= Beginning of Section =
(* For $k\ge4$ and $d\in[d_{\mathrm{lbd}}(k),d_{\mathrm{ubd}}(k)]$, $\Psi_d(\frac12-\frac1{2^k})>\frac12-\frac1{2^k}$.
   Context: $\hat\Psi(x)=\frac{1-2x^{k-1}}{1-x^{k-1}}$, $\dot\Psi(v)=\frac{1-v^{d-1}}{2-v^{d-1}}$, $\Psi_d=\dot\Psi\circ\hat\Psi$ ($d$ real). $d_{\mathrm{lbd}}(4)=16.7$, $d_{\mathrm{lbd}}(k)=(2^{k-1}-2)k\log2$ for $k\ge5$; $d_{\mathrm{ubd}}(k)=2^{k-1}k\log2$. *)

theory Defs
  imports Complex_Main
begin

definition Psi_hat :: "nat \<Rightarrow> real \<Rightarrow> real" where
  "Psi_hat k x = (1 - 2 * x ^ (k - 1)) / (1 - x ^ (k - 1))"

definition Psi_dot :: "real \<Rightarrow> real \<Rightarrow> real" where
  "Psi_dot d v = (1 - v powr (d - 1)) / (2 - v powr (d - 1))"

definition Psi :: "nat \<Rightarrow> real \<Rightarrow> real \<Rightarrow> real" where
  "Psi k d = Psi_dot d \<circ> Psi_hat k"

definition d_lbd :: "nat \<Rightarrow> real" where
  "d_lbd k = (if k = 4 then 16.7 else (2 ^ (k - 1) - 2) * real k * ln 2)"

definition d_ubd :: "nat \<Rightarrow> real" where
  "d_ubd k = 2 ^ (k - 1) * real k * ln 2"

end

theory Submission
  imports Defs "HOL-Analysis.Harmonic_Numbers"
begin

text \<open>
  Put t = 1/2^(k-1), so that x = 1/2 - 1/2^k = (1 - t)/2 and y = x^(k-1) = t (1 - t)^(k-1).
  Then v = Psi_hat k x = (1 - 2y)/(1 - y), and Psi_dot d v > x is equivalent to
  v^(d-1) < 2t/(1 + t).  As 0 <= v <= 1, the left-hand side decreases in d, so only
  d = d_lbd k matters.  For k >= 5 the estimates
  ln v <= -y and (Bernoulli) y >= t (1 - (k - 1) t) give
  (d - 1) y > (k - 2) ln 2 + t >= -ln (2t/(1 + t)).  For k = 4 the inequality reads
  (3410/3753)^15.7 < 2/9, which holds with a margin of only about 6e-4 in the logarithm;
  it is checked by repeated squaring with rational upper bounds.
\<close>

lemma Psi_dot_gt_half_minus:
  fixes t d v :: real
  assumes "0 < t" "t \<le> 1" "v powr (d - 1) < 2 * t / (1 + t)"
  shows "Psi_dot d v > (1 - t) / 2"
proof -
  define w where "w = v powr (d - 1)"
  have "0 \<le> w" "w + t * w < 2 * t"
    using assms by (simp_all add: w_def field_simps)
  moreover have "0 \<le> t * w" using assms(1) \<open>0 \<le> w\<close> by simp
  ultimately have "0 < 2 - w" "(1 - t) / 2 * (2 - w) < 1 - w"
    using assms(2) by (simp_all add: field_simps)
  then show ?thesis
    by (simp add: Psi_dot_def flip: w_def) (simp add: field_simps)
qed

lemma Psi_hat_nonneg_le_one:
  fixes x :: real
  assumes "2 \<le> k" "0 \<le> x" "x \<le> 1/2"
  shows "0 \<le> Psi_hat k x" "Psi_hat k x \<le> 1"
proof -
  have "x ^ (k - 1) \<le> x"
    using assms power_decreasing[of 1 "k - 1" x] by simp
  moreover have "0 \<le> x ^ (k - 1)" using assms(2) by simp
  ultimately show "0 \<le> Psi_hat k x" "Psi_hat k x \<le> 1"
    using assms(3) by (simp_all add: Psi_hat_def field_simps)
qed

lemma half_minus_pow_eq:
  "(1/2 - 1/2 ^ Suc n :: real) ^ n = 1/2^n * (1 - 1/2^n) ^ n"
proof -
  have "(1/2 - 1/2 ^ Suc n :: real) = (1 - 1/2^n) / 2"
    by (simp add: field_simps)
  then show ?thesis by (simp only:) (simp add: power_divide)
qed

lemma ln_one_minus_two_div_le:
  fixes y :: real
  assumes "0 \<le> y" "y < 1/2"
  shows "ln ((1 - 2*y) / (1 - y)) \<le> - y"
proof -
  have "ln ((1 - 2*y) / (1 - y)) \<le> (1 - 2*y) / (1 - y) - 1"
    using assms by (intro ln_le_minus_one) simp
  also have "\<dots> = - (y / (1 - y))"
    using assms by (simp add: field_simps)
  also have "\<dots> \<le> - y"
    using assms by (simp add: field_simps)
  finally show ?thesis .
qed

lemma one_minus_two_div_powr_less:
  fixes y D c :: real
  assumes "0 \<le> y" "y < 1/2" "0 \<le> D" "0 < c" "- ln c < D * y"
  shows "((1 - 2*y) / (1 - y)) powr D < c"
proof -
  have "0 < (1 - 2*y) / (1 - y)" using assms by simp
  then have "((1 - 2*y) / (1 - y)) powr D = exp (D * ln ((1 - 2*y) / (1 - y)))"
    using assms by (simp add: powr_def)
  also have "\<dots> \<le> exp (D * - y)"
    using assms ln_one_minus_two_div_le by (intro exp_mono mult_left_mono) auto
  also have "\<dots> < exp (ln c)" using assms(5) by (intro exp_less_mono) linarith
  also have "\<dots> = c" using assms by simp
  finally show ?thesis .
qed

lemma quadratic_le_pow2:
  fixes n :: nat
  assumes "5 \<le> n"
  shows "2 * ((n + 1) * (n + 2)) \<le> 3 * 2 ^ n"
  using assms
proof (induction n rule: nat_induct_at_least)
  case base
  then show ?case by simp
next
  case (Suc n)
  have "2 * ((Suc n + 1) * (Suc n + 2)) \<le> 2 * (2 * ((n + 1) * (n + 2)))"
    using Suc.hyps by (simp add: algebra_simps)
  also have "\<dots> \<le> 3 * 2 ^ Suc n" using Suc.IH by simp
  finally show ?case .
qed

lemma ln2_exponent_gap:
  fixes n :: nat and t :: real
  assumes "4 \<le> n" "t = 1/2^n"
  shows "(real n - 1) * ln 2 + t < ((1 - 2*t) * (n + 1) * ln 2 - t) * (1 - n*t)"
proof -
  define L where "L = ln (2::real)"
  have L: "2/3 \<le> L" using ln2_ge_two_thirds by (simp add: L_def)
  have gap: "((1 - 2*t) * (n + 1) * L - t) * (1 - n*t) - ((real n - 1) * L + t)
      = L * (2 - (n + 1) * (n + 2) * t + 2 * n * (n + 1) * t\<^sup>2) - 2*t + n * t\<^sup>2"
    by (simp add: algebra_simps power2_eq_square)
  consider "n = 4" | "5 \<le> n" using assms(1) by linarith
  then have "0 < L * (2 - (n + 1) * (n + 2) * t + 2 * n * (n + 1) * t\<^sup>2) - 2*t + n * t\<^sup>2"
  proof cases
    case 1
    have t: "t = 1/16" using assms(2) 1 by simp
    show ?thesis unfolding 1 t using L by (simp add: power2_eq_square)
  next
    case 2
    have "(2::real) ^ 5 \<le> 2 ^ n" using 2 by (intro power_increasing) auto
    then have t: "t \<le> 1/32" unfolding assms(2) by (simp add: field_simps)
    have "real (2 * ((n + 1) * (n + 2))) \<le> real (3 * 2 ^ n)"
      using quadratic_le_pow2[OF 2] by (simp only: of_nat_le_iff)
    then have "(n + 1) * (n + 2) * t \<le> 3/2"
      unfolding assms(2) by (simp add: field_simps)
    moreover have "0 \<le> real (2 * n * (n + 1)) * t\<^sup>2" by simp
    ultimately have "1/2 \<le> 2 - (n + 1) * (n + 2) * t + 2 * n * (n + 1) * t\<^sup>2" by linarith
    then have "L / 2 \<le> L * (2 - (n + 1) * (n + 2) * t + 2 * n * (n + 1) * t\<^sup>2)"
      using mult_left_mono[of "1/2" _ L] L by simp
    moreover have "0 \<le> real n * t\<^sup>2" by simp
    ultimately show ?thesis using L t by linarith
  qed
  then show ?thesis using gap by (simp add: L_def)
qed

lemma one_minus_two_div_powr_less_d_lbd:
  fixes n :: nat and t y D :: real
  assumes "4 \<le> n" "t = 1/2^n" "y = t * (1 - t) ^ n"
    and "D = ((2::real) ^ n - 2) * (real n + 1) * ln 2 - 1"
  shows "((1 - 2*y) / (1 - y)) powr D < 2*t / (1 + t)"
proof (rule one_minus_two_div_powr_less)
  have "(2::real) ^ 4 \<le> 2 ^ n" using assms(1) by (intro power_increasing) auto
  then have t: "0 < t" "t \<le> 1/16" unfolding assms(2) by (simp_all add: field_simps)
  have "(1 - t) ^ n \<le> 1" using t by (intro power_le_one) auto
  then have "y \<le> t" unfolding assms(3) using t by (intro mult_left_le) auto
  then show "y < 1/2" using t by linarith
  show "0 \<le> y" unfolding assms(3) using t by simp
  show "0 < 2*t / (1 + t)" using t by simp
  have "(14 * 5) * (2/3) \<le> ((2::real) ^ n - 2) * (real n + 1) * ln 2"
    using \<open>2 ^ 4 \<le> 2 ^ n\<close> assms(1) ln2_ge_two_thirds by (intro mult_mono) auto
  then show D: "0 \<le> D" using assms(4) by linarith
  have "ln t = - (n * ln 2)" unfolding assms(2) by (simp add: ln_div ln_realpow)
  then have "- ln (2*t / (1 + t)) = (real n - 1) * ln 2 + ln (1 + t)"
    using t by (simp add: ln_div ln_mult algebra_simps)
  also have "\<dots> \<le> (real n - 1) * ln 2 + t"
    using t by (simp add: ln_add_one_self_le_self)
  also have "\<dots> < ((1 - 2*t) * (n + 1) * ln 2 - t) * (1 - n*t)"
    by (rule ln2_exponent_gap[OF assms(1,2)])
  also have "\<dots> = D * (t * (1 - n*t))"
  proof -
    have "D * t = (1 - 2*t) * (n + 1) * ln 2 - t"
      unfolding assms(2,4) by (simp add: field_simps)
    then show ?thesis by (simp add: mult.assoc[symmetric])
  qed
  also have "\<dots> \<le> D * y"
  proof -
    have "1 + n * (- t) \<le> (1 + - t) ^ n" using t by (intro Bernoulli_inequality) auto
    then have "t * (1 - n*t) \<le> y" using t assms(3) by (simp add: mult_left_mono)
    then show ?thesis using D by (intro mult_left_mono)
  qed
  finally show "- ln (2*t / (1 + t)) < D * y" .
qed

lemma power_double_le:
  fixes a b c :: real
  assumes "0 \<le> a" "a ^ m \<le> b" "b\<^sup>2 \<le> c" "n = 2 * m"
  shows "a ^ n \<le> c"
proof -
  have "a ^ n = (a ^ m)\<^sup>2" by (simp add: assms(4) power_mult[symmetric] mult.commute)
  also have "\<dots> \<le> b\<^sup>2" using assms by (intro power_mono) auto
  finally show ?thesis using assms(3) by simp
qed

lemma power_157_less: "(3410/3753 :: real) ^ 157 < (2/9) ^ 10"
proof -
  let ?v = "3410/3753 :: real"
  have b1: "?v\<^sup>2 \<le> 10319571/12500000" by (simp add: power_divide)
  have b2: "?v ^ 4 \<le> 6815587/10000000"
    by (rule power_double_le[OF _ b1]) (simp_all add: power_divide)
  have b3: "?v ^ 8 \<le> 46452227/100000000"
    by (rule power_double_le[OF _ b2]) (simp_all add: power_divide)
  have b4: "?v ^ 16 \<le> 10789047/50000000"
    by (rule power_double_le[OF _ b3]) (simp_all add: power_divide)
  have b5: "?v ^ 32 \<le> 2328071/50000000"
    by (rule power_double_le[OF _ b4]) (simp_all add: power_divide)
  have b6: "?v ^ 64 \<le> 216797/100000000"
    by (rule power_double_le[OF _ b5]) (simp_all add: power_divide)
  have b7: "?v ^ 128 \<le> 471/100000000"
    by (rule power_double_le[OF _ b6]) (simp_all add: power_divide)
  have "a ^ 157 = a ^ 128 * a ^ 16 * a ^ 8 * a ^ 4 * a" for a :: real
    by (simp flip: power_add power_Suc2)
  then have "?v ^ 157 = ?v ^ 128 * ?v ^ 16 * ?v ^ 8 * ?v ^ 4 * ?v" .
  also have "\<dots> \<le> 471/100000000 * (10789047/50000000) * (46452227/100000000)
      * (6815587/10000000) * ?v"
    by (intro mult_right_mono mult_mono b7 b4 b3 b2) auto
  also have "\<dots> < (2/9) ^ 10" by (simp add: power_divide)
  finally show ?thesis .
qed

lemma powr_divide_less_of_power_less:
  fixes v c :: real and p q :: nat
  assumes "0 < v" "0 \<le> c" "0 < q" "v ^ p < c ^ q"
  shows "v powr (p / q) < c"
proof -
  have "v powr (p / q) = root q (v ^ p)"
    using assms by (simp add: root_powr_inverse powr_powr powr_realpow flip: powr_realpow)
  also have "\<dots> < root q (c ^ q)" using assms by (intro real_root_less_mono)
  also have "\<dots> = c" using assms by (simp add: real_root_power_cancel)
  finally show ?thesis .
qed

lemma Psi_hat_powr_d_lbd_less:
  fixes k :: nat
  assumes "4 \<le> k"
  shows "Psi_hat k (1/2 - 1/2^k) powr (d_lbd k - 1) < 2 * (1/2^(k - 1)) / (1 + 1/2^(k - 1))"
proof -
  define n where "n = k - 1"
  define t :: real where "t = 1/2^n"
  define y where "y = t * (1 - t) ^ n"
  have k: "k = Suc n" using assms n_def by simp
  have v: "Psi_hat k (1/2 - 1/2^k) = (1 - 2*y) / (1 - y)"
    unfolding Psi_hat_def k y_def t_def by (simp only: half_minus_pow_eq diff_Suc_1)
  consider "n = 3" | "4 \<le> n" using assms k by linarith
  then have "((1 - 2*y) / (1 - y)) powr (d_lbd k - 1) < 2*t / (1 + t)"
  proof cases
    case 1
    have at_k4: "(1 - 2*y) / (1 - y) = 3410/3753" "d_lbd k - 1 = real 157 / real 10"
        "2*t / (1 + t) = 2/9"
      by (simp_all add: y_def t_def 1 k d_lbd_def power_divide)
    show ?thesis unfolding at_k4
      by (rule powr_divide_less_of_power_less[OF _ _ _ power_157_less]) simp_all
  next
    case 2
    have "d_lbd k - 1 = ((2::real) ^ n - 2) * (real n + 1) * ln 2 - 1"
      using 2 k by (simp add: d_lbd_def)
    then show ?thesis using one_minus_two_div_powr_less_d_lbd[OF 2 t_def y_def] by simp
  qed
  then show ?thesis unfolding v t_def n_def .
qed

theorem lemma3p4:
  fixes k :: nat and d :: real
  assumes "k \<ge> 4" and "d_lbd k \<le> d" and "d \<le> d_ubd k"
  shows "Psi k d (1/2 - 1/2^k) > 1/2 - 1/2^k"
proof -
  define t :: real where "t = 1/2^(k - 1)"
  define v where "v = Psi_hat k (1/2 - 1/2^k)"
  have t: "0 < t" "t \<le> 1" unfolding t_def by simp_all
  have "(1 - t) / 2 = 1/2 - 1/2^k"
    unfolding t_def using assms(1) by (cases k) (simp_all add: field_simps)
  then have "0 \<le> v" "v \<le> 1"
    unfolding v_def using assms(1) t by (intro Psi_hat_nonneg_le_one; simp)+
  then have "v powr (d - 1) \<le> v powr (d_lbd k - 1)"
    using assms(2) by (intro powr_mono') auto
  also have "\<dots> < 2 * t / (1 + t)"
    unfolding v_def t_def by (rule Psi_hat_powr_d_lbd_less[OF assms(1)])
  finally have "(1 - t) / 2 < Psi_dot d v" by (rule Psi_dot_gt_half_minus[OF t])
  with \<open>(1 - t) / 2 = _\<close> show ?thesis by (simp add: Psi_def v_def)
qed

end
= End of Section =
= Beginning of Section =
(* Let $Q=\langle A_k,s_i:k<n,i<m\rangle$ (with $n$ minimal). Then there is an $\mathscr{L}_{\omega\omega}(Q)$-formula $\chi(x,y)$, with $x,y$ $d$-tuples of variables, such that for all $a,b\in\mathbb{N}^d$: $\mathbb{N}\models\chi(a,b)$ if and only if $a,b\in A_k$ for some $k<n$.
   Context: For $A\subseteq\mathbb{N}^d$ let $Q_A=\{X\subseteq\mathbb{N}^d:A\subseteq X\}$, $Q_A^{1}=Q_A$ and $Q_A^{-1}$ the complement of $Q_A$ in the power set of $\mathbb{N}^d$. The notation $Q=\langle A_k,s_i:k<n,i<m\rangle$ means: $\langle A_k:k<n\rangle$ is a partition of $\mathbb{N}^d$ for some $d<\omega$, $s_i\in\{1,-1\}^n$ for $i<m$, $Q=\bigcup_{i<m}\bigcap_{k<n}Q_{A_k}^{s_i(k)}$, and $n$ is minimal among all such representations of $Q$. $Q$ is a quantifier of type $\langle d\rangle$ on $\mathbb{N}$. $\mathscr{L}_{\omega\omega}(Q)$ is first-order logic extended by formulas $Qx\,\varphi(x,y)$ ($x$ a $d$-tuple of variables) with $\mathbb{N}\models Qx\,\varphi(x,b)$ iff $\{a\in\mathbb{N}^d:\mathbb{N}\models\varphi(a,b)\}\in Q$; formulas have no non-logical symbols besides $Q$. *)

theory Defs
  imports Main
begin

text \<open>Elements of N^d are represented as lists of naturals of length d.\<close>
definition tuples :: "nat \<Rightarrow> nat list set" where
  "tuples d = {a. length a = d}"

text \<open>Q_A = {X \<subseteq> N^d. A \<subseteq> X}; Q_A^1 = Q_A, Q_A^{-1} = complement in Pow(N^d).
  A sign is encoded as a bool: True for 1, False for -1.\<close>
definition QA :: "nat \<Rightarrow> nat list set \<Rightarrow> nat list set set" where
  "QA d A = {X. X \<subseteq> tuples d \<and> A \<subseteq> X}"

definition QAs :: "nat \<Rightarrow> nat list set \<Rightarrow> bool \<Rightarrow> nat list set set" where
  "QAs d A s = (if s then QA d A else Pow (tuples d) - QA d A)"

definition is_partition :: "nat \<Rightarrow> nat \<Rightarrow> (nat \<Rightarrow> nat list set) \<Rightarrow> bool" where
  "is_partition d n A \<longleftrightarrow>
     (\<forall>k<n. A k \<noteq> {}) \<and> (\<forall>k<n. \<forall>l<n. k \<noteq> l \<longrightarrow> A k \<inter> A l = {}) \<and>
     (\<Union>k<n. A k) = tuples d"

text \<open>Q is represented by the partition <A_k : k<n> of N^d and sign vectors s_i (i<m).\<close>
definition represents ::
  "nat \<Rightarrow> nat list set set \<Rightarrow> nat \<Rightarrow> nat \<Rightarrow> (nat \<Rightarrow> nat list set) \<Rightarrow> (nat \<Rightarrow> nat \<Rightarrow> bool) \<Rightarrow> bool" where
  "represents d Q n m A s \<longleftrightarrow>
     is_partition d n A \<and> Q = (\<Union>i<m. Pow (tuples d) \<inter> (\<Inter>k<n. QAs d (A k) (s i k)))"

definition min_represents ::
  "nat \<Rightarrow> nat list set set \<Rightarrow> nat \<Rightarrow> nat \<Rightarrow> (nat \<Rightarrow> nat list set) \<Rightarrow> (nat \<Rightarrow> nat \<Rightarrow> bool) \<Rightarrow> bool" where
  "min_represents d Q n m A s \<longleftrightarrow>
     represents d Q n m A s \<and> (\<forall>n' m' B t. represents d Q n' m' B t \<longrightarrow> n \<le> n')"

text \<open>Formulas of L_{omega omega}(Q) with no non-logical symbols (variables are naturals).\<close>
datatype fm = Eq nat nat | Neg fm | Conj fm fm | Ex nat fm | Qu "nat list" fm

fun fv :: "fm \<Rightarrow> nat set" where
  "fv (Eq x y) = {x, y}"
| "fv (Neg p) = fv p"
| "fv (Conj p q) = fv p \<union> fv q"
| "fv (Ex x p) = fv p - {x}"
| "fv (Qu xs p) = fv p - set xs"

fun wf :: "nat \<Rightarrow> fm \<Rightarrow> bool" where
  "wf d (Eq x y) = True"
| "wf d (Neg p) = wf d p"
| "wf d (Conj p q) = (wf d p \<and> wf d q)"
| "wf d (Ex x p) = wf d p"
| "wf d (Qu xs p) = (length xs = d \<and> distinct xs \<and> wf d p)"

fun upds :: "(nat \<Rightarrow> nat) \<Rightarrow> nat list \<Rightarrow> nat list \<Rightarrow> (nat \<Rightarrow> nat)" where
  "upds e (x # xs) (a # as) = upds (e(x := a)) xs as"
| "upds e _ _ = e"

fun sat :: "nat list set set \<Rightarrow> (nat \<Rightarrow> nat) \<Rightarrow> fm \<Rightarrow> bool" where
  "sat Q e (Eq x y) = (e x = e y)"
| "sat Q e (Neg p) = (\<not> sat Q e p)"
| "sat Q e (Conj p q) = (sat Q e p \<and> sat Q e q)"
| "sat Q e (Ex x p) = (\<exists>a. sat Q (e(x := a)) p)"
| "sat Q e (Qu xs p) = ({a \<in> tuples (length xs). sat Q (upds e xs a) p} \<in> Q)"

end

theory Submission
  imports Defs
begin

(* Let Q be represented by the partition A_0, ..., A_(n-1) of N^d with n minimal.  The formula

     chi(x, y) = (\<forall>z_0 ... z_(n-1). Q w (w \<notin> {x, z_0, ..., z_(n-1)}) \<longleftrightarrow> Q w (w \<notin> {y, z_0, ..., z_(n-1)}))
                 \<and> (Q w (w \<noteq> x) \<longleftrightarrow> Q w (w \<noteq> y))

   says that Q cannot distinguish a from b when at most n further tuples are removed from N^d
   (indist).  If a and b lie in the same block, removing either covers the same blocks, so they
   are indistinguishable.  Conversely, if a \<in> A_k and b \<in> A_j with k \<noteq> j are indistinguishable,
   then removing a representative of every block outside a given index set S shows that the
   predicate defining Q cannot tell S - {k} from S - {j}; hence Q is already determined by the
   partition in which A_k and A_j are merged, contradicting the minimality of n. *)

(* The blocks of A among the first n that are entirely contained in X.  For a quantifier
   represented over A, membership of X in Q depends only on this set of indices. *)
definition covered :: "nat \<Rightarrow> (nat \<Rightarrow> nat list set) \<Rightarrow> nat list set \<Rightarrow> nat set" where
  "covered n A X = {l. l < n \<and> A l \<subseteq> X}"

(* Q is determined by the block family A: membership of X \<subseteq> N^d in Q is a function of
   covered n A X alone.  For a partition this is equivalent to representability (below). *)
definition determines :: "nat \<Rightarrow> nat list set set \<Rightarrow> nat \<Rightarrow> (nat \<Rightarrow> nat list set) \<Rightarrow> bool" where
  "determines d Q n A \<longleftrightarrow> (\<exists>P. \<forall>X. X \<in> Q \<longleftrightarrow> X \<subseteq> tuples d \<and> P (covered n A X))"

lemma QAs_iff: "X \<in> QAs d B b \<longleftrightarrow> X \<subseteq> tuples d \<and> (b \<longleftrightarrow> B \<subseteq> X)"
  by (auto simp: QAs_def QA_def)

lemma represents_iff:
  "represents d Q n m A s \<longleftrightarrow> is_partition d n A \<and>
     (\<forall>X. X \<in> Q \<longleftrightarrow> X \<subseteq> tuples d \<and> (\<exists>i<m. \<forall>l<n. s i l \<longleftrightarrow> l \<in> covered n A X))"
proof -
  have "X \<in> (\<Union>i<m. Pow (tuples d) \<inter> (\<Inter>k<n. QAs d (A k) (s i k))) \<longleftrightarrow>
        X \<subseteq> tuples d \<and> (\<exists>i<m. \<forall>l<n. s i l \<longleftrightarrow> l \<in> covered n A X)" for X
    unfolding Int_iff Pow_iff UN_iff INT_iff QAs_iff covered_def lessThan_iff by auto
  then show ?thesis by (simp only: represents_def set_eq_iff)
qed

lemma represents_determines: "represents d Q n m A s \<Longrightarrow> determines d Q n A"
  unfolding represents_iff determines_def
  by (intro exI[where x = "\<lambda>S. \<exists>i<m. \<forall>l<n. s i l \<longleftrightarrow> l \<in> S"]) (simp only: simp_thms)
= End of Section =
What needs to be done:
Where a line of the records contains the word "fixes", copy that line.

Output:
  fixes t d v :: real
  fixes x :: real
  fixes y :: real
  fixes y D c :: real
  fixes n :: nat
  fixes n :: nat and t :: real
  fixes n :: nat and t y D :: real
  fixes a b c :: real
  fixes v c :: real and p q :: nat
  fixes k :: nat
  fixes k :: nat and d :: real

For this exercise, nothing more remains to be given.